AWV Coding. The CPT codes for Annual Wellness Visits are G0438 for the initial visit and G0439 for subsequent visits. These codes are used to bill Medicare for comprehensive wellness assessments and personalized prevention plans. It is important to remember that code G0438 is for the first AWV only.

Can you bill 99214 twice in one day?

Documentation must be submitted with the claim to medically justify two services on the same day.

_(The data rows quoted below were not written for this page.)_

lemma urn_variance_indeg_power_sum_le:
  assumes c: "c > 0" "c \<le> \<alpha>" and e1: "e \<le> 1"
  shows "urn_expect n k \<alpha> e (\<lambda>M. (indeg_power_sum n k s M - urn_expect n k \<alpha> e (indeg_power_sum n k s))\<^sup>2)
       \<le> real n * ((1 + real (2 * s) / c) ^ (2 * s) * (real k + real (2 * s)) ^ (2 * s))"
proof -
  let ?W = "words (kout_positions n k) s"
  define I where "I = {..<n} \<times> ?W"
  define Y where "Y i M = (of_bool (\<forall>p\<in>set (snd i). M p = fst i) :: real)"
    for i and M :: "nat \<times> nat \<Rightarrow> nat"
  define K where "K = (1 + real (2 * s) / c) ^ (2 * s)"
  define H where "H w w' = K * (1 / real n) ^ card (set w \<union> set w')" for w w' :: "(nat \<times> nat) list"
  have sum_eq: "indeg_power_sum n k s M = (\<Sum>i\<in>I. Y i M)" for M
    by (simp add: indeg_power_sum_def real_indeg_power I_def Y_def sum.cartesian_product')
  have "urn_expect n k \<alpha> e (\<lambda>M. (indeg_power_sum n k s M - urn_expect n k \<alpha> e (indeg_power_sum n k s))\<^sup>2)
      = (\<Sum>i\<in>I. \<Sum>i'\<in>I. urn_expect n k \<alpha> e (\<lambda>M. Y i M * Y i' M) - urn_expect n k \<alpha> e (Y i) * urn_expect n k \<alpha> e (Y i'))"
    unfolding urn_expect_def sum_eq by (rule weighted_variance_of_sum[OF finite_kout_maps sum_urn_weight])
  also have "\<dots> \<le> (\<Sum>i\<in>I. \<Sum>i'\<in>I. if fst i = fst i' then H (snd i) (snd i') else 0)"
  proof (intro sum_mono)
    fix i i' assume "i \<in> I" "i' \<in> I"
    then have pos: "set (snd i) \<subseteq> kout_positions n k" "set (snd i') \<subseteq> kout_positions n k"
        "fst i < n" "fst i' < n" and len: "length (snd i) = s" "length (snd i') = s"
      by (auto simp: I_def words_def)
    have "card (set (snd i) \<union> set (snd i')) \<le> length (snd i) + length (snd i')"
      by (meson card_Un_le card_length add_mono order.trans)
    then have "card (set (snd i) \<union> set (snd i')) \<le> 2 * s"
      using len by simp
    from urn_hit_le[OF c e1 this]
    have "urn_hit n \<alpha> e (card (set (snd i) \<union> set (snd i'))) \<le> H (snd i) (snd i')"
      by (simp only: H_def K_def)
    then show "urn_expect n k \<alpha> e (\<lambda>M. Y i M * Y i' M) - urn_expect n k \<alpha> e (Y i) * urn_expect n k \<alpha> e (Y i')
        \<le> (if fst i = fst i' then H (snd i) (snd i') else 0)"
      using urn_cov_all_to_le[OF pos] unfolding Y_def by (auto split: if_splits)
  qed
  also have "\<dots> = real n * (\<Sum>w\<in>?W. \<Sum>w'\<in>?W. H w w')"
    unfolding I_def by (simp add: sum_pairs_same_first)
  also have "\<dots> \<le> real n * (K * (real k + real (2 * s)) ^ (2 * s))"
    using sum_pairs_of_kout_words_le[OF n_pos] c
    unfolding H_def sum_distrib_left[symmetric] by (intro mult_left_mono) (auto simp: K_def)
  finally show ?thesis by (simp add: K_def)
qed

theorem urn_indeg_power_sum_concentration:
  assumes c: "c > 0" "c \<le> \<alpha>" and e1: "e \<le> 1" and T: "T > 0"
  shows "1 - real n * ((1 + real (2 * s) / c) ^ (2 * s) * (real k + real (2 * s)) ^ (2 * s)) / T\<^sup>2
       \<le> urn_prob n k \<alpha> e (\<lambda>M. \<bar>indeg_power_sum n k s M
             - urn_expect n k \<alpha> e (\<lambda>M. real (indeg n k M 0) ^ s) * real n\<bar> < T)"
proof -
  let ?X = "indeg_power_sum n k s"
  let ?Var = "urn_expect n k \<alpha> e (\<lambda>M. (?X M - urn_expect n k \<alpha> e ?X)\<^sup>2)"
  have "urn_expect n k \<alpha> e ?X = (\<Sum>j<n. urn_expect n k \<alpha> e (\<lambda>M. real (indeg n k M j) ^ s))"
    unfolding indeg_power_sum_def by (rule urn_expect_sum)
  also have "\<dots> = urn_expect n k \<alpha> e (\<lambda>M. real (indeg n k M 0) ^ s) * real n"
    using n_pos by (simp add: urn_expect_indeg_power)
  finally have mean: "urn_expect n k \<alpha> e ?X = urn_expect n k \<alpha> e (\<lambda>M. real (indeg n k M 0) ^ s) * real n" .
  have "1 - ?Var / T\<^sup>2 \<le> urn_prob n k \<alpha> e (\<lambda>M. \<bar>?X M - urn_expect n k \<alpha> e ?X\<bar> < T)"
    unfolding urn_expect_def urn_prob_def
    by (rule chebyshev_weighted_sum[OF finite_kout_maps urn_weight_nonneg sum_urn_weight T])
  moreover have "?Var / T\<^sup>2
      \<le> real n * ((1 + real (2 * s) / c) ^ (2 * s) * (real k + real (2 * s)) ^ (2 * s)) / T\<^sup>2"
    using urn_variance_indeg_power_sum_le[OF c e1] by (simp add: divide_right_mono)
  ultimately show ?thesis
    unfolding mean by linarith
qed
end

lemma prob_alpha_eq_urn_prob: "prob_alpha \<alpha> n k P = urn_prob n k \<alpha> 1 P"
  by (simp add: prob_alpha_def urn_prob_def kout_weight_eq_urn_weight)

lemma mu_alpha_eq_urn_expect:
  "mu_alpha \<alpha> n k s = urn_expect n k \<alpha> 1 (\<lambda>M. real (indeg n k M 0) ^ s)"
  by (simp add: mu_alpha_def urn_expect_def kout_weight_eq_urn_weight)

lemma prob_unif_kout_eq_urn_prob:
  "measure_pmf.prob (unif_kout n k) {M. P M} = urn_prob n k 1 0 P"
  unfolding unif_kout_def measure_pmf_of_set[OF kout_maps_nonempty finite_kout_maps]
  by (simp add: urn_prob_def urn_weight_uniform Int_def conj_commute)

lemma mu_inf_eq_urn_expect:
  "mu_inf n k s = urn_expect n k 1 0 (\<lambda>M. real (indeg n k M 0) ^ s)"
  unfolding mu_inf_def unif_kout_def integral_pmf_of_set[OF kout_maps_nonempty finite_kout_maps]
  by (simp add: urn_expect_def urn_weight_uniform sum_divide_distrib)

lemma prob_alpha_le_1: "n > 0 \<Longrightarrow> \<alpha> > 0 \<Longrightarrow> prob_alpha \<alpha> n k P \<le> 1"
  unfolding prob_alpha_eq_urn_prob by (intro kout_urn.urn_prob_le_1, unfold_locales) auto

lemma prob_alpha_power_sum_concentration:
  assumes "n > 0" "c > 0" "c \<le> \<alpha>" "T > 0"
  shows "1 - real n * ((1 + real (2 * s) / c) ^ (2 * s) * (real k + real (2 * s)) ^ (2 * s)) / T\<^sup>2
       \<le> prob_alpha \<alpha> n k
           (\<lambda>M. \<bar>(\<Sum>j<n. real (indeg n k M j) ^ s) - mu_alpha \<alpha> n k s * real n\<bar> < T)"
proof -
  interpret kout_urn n k \<alpha> 1
    using assms by unfold_locales auto
  show ?thesis
    using urn_indeg_power_sum_concentration[OF assms(2,3) _ assms(4)]
    by (simp add: prob_alpha_eq_urn_prob mu_alpha_eq_urn_expect indeg_power_sum_def)
qed

lemma prob_unif_kout_power_sum_concentration:
  assumes "n > 0" "T > 0"
  shows "1 - real n * ((1 + real (2 * s)) ^ (2 * s) * (real k + real (2 * s)) ^ (2 * s)) / T\<^sup>2
       \<le> measure_pmf.prob (unif_kout n k)
           {M. \<bar>(\<Sum>j<n. real (indeg n k M j) ^ s) - mu_inf n k s * real n\<bar> < T}"
proof -
  interpret kout_urn n k 1 0
    using assms by unfold_locales auto
  show ?thesis
    using urn_indeg_power_sum_concentration[of 1 T s] assms(2)
    by (simp add: prob_unif_kout_eq_urn_prob mu_inf_eq_urn_expect indeg_power_sum_def)
qed
definition split_cost :: "'n::finite cmat \<Rightarrow> real \<Rightarrow> 'n cmat \<Rightarrow> 'n cmat \<Rightarrow> complex" where
  "split_cost \<rho> s X Y = trace (\<rho> ** (adj X ** X)) + complex_of_real (1 / s) * trace (\<rho> ** (Y ** adj Y))"

definition wyd_spectral :: "real \<Rightarrow> ('n::finite \<Rightarrow> real) \<Rightarrow> 'n cmat \<Rightarrow> real" where
  "wyd_spectral a d A = (\<Sum>j\<in>UNIV. \<Sum>k\<in>UNIV. (cmod (A $ j $ k))\<^sup>2 * (d j powr a * d k powr (1 - a)))"

definition parallel_spectral :: "real \<Rightarrow> ('n::finite \<Rightarrow> real) \<Rightarrow> 'n cmat \<Rightarrow> real" where
  "parallel_spectral s d A = (\<Sum>j\<in>UNIV. \<Sum>k\<in>UNIV. (cmod (A $ j $ k))\<^sup>2 * parallel_kernel s (d j) (d k))"

lemma mult_cnj_eq_cmod_sq: "z * cnj z = (complex_of_real (cmod z))\<^sup>2" "cnj z * z = (complex_of_real (cmod z))\<^sup>2"
  using complex_norm_square[of z] by (simp_all add: mult.commute)

lemma trace_diag_sandwich:
  "trace (diag_mat (\<lambda>i. complex_of_real (p i)) ** A ** diag_mat (\<lambda>i. complex_of_real (q i)) ** adj A)
   = complex_of_real (\<Sum>j\<in>UNIV. \<Sum>k\<in>UNIV. (cmod (A $ j $ k))\<^sup>2 * (p j * q k))"
proof -
  have "trace (diag_mat (\<lambda>i. complex_of_real (p i)) ** A ** diag_mat (\<lambda>i. complex_of_real (q i)) ** adj A)
     = (\<Sum>j\<in>UNIV. \<Sum>k\<in>UNIV. complex_of_real (p j) * A $ j $ k * complex_of_real (q k) * cnj (A $ j $ k))"
    unfolding trace_def matrix_matrix_mult_def[of _ "adj A"]
    by (simp add: matrix_mult_diag_mat_nth diag_mat_mult_nth)
  also have "\<dots> = (\<Sum>j\<in>UNIV. \<Sum>k\<in>UNIV. complex_of_real ((cmod (A $ j $ k))\<^sup>2 * (p j * q k)))"
    by (intro sum.cong refl) (simp add: mult_cnj_eq_cmod_sq mult_ac)
  finally show ?thesis by simp
qed

lemma trace_diag_adj_mult_self:
  "trace (diag_mat (\<lambda>i. complex_of_real (p i)) ** (adj A ** A))
   = complex_of_real (\<Sum>j\<in>UNIV. \<Sum>k\<in>UNIV. p k * (cmod (A $ j $ k))\<^sup>2)"
  "trace (diag_mat (\<lambda>i. complex_of_real (p i)) ** (A ** adj A))
   = complex_of_real (\<Sum>j\<in>UNIV. \<Sum>k\<in>UNIV. p j * (cmod (A $ j $ k))\<^sup>2)"
  unfolding trace_diag_mat_mult
  by (simp_all add: matrix_matrix_mult_def sum_distrib_left mult_cnj_eq_cmod_sq mult_ac)
    (subst sum.swap, simp)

The frequency restriction for CPT codes 99211 thru 99214 may be exceeded with medical justification.

What are the criteria for billing 99214?

According to CPT, 99214 is indicated for an “office or other outpatient visit for the evaluation and management of an established patient, which requires at least two of these three key components: a detailed history, a detailed examination and medical decision making of moderate complexity.” [For more detailed ...

Can you bill an office visit and hospital visit on the same day?

CPT Codes 99221-99223, 99231-99236, 99238 & 99239

MACs pay both visits if you see a patient in the office on 1 day, and they're admitted to the hospital as an inpatient or get observation care on the next day.

How many minutes is 99214?

CPT® code 99214: Established patient office visit, 30-39 minutes | American Medical Association.

How much does Medicare pay for a specialist office visit?

Another thing to keep in mind is Medicare-approved amounts vary from state to state. In Los Angeles, California, the Medicare-approved amount for those same office visits ranges from $89.73 to $243.48.

Is 99214 a mental health code?

In the mental health field it may be difficult to identify, for example, the location of anxiety. Nevertheless, some of these items must be addressed. In fact, to code a 99214 four of these documentation elements must be present. Severity was already achieved when we reported that the patient was worse.

Can doctors make you pay upfront without insurance?

Doctors want to be sure that they will be compensated for the care they provide. Fourth lesson: It is not illegal to be asked to pay what you may owe in advance for a major medical event. But if you are asked to pay upfront, legally you don't have to.

Can a doctor office write off a copay?

It is not illegal to write off a patient's copay balance if the provider makes a good-faith attempt to collect. However, when a provider has a policy of not attempting to collect copays that becomes illegal.

Why is my Er bill so high?

Is this based on severity? Hospitals will bill you for a line item called “ER Visit Level” that is based on the complexity of your treatment. ER visit levels range from 1-5: ER visit level 1 is the most mild, while ER visit level 5 is the most severe.